Here SLObjectItf is a second level pointer, it points to a structure pointer. Any created Object must be initialized by calling the Realize method, and the Destroy method can be used to release resources when they are not needed.
Now we can use engineEngine to create all the other objects in OpenSL ES.
3.1.2 Media Object
Another group of more important objects in OpenSL ES is Media Object, which represents the abstraction of multimedia functions, such as player, Recorder and so on.
We can create an instance of a Player object using the CreateAudioPlayer method provided by SLEngineItf. A Recorder instance can be created using the CreateAudioRecorder method provided by SLEngineItf.
3.1.3 Data Source and Data Sink
In OpenSL ES, these two structures exist as parameters when creating Media Object objects. Data source represents the information of input source, that is, where data comes from and what data parameters are input. The data sink represents the output information, that is, where the data is output and with what parameters.

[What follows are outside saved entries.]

lemma closed_walk_betw_weight_even:
  assumes "walk_betw A u p u"
  shows "even (path_weight f p)"
proof (cases "length p < 2")
  case True
  then show ?thesis by (cases p) auto
next
  case False
  obtain c where p: "p = c @ [u]"
    using assms by (cases p rule: rev_cases) (auto simp: walk_betw_def)
  with False have "c \<noteq> []" by auto
  with assms p have "p = c @ [hd c]" by (auto simp: walk_betw_def)
  with assms \<open>c \<noteq> []\<close> have walk: "closed_walk A c" and "cycle_weight f c = path_weight f p"
    by (auto simp: closed_walk_def cycle_weight_def walk_betw_def)
  with closed_walk_weight_even[OF walk] show ?thesis by simp
qed

lemma walks_betw_same_parity:
  assumes p: "walk_betw A u p v" and q: "walk_betw A u q v"
  shows "even (path_weight f p + path_weight f q)"
proof -
  have reversed: "walk_betw A v (rev q) u"
    using q by (auto simp: walk_betw_def hd_rev last_rev adjacent_def elim: successively_mono)
  then obtain t where t: "rev q = v # t"
    by (cases "rev q") (auto simp: walk_betw_def)
  have "walk_betw A u (p @ t) u"
    using walk_betw_append[OF p] reversed t by simp
  moreover have "path_weight f (rev q) = path_weight f q"
    using sym by (simp add: path_weight_rev)
  then have "path_weight f (p @ t) = path_weight f p + path_weight f q"
    using p path_weight_glue[of p "v # t" f] t by (simp add: walk_betw_def)
  ultimately show ?thesis using closed_walk_betw_weight_even by metis
qed

lemma odd_edges_form_cut:
  obtains X where "X \<subseteq> V" "\<And>i j. adjacent A i j \<Longrightarrow> ((i \<in> X) \<noteq> (j \<in> X)) = odd (f i j)"
proof
  define root where "root v = (SOME u. \<exists>p. walk_betw A u p v)" for v
  define X where "X = {v \<in> V. \<exists>p. walk_betw A (root v) p v \<and> odd (path_weight f p)}"
  show "X \<subseteq> V" by (auto simp: X_def)
  have member: "v \<in> X \<longleftrightarrow> odd (path_weight f p)"
    if p: "walk_betw A (root v) p v" and "v \<in> V" for v p
  proof
    assume "v \<in> X"
    then obtain q where "walk_betw A (root v) q v" "odd (path_weight f q)"
      by (auto simp: X_def)
    with walks_betw_same_parity[OF this(1) p] show "odd (path_weight f p)" by simp
  next
    assume "odd (path_weight f p)"
    with that show "v \<in> X" by (auto simp: X_def)
  qed
  have root_walk: "\<exists>p. walk_betw A (root v) p v" for v
  proof -
    have "\<exists>p. walk_betw A v p v" by (rule exI[of _ "[v]"]) (simp add: walk_betw_def)
    then show ?thesis unfolding root_def by (rule someI)
  qed
  fix i j assume ij: "adjacent A i j"
  then have "adjacent A j i" by (auto simp: adjacent_def)
  with ij have "(\<exists>p. walk_betw A u p i) \<longleftrightarrow> (\<exists>p. walk_betw A u p j)" for u
    using walk_betw_snoc[of A u _ i j] walk_betw_snoc[of A u _ j i] by blast
  then have "root i = root j" by (simp add: root_def)
  obtain p where p: "walk_betw A (root i) p i" using root_walk by blast
  with ij have "walk_betw A (root j) (p @ [j]) j"
    using \<open>root i = root j\<close> walk_betw_snoc by simp
  moreover have "path_weight f (p @ [j]) = path_weight f p + f i j"
    using p by (auto simp: walk_betw_def path_weight_append)
  ultimately show "((i \<in> X) \<noteq> (j \<in> X)) = odd (f i j)"
    using member p adjacent_in_vertices[OF quiver ij] by auto
qed

end

lemma even_cycle_weights_edge_indicators:
  assumes "cluster_quiver V A" "S \<subseteq> A" "S' \<subseteq> A"
    and "\<And>c. full_cycle V A c \<Longrightarrow>
           even (card (cycle_arrows A c \<inter> S)) = even (card (cycle_arrows A c \<inter> S'))"
  shows "even_cycle_weights V A (\<lambda>i j. edge_indicator S i j + edge_indicator S' i j)"
proof
  show "cluster_quiver V A" by (fact assms(1))
  show "edge_indicator S x y + edge_indicator S' x y = edge_indicator S y x + edge_indicator S' y x"
    for x y by (auto simp: edge_indicator_def)
  fix c assume full: "full_cycle V A c"
  then have "is_cycle V A c" by (simp add: full_cycle_def)
  with full assms(2-4) show "even (cycle_weight (\<lambda>i j. edge_indicator S i j + edge_indicator S' i j) c)"
    by (simp add: cycle_weight_add cycle_weight_edge_indicator[OF cluster_quiver_asym[OF assms(1)]])
qed

lemma exists_odd_edge:
  assumes "asym A" "S \<subseteq> A" "S' \<subseteq> A" "S \<noteq> S'"
  obtains a b where "adjacent A a b" "odd (edge_indicator S a b + edge_indicator S' a b)"
proof -
  obtain a b where "(a, b) \<in> A" "((a, b) \<in> S) \<noteq> ((a, b) \<in> S')"
    using assms(2-4) by auto
  moreover from this(1) have "(b, a) \<notin> S" "(b, a) \<notin> S'"
    using assms(1-3) by (auto dest: asymD)
  ultimately have "adjacent A a b" "odd (edge_indicator S a b + edge_indicator S' a b)"
    by (auto simp: adjacent_def edge_indicator_def)
  then show ?thesis by (rule that)
qed

lemma sign_changes_distinct:
  "distinct vs \<Longrightarrow>
    sign_changes vs \<Sigma> i j = (if (i \<in> set vs) \<noteq> (j \<in> set vs) then - \<Sigma> i j else \<Sigma> i j)"
proof (induction vs arbitrary: \<Sigma>)
  case Nil
  then show ?case by (simp add: sign_changes_def)
next
  case (Cons v vs)
  then show ?case
    using Cons.IH[of "sign_change v \<Sigma>"] by (auto simp: sign_changes_def sign_change_def)
qed

lemma sign_changes_Sigma_q:
  assumes "distinct vs"
    and "\<And>i j. adjacent A i j \<Longrightarrow>
           ((i \<in> set vs) \<noteq> (j \<in> set vs)) = odd (edge_indicator S i j + edge_indicator S' i j)"
  shows "sign_changes vs (Sigma_q A S) = Sigma_q A S'"
proof (intro ext)
  fix i j
  show "sign_changes vs (Sigma_q A S) i j = Sigma_q A S' i j"
  proof (cases "adjacent A i j")
    case True
    then show ?thesis
      using assms(2)[of i j]
      by (simp add: sign_changes_distinct[OF assms(1)] Sigma_q_def edge_indicator_def)
  next
    case False
    then show ?thesis by (simp add: sign_changes_distinct[OF assms(1)] Sigma_q_def)
  qed
qed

A Data Source is defined as follows:
typedef struct SLDataSource_ { void *pLocator; void*pFormat; } SLDataSource;1.23.4..
Copy the code
Data Sink is defined as follows:
typedef struct SLDataSink_ { void *pLocator; void*pFormat; } SLDataSink;1.23.4..
Copy the code
Plocators mainly include the following types:
SLDataLocator_AddressSLDataLocator_BufferQueueSLDataLocator_IODeviceSLDataLocator_MIDIBufferQueueSLDataLocator_URI12.3.4.. 5.
Copy the code
In other words, the input/output source of a Media Object can be a URL, a Device, or a buffer queue, etc., depending on the specific type and application scenario of the Media Object.
3.2 Status Mechanism
Another important concept of OpenSL ES is its state mechanism, as shown in the figure below:
After an OpenSL ES object is created, it enters the SL_OBJECT_STATE_UNREALIZED state. In this state, the system does not allocate any resources to it until the Realize function is called.
After realizing, objects can enter the SL_OBJECT_STATE_REALIZED state, which is a “available” state. Only in this state can the functions and resources of objects be accessed properly.
When some system event occurs, such as an error or the Audio device is preempted by another application, the OpenSL ES object will enter the SL_OBJECT_STATE_SUSPENDED state. If you want to restore normal use, you need to call the Resume function.
When the object’s Destroy function is called, the resource is released and the state is returned to SL_OBJECT_STATE_UNREALIZED.
In short, the life cycle of an OpenSL ES object, the process from Create to Destroy, is controlled through developer display calls.
3.3 API Call Process Summary
Player:
Recorder:
For more details on the API, please refer to openSL_ES_specification_1.0.1. PDF. See github.com/qingkouwei/ in oarPlayer for the playback logic… Audio output code.
4. AAudio & Oboe
AAudio is a new Android C API introduced in the Android O release. This API is designed for high-performance audio applications that require low latency. Applications communicate with AAudio by reading data and writing it to the stream.
The AAudio API has a minimal design and does not perform the following functions:
- Audio equipment enumeration
- Automated routing between audio endpoints
- File IO
- Decode compressed audio
- Automatically submit all inputs/streams in a single callback.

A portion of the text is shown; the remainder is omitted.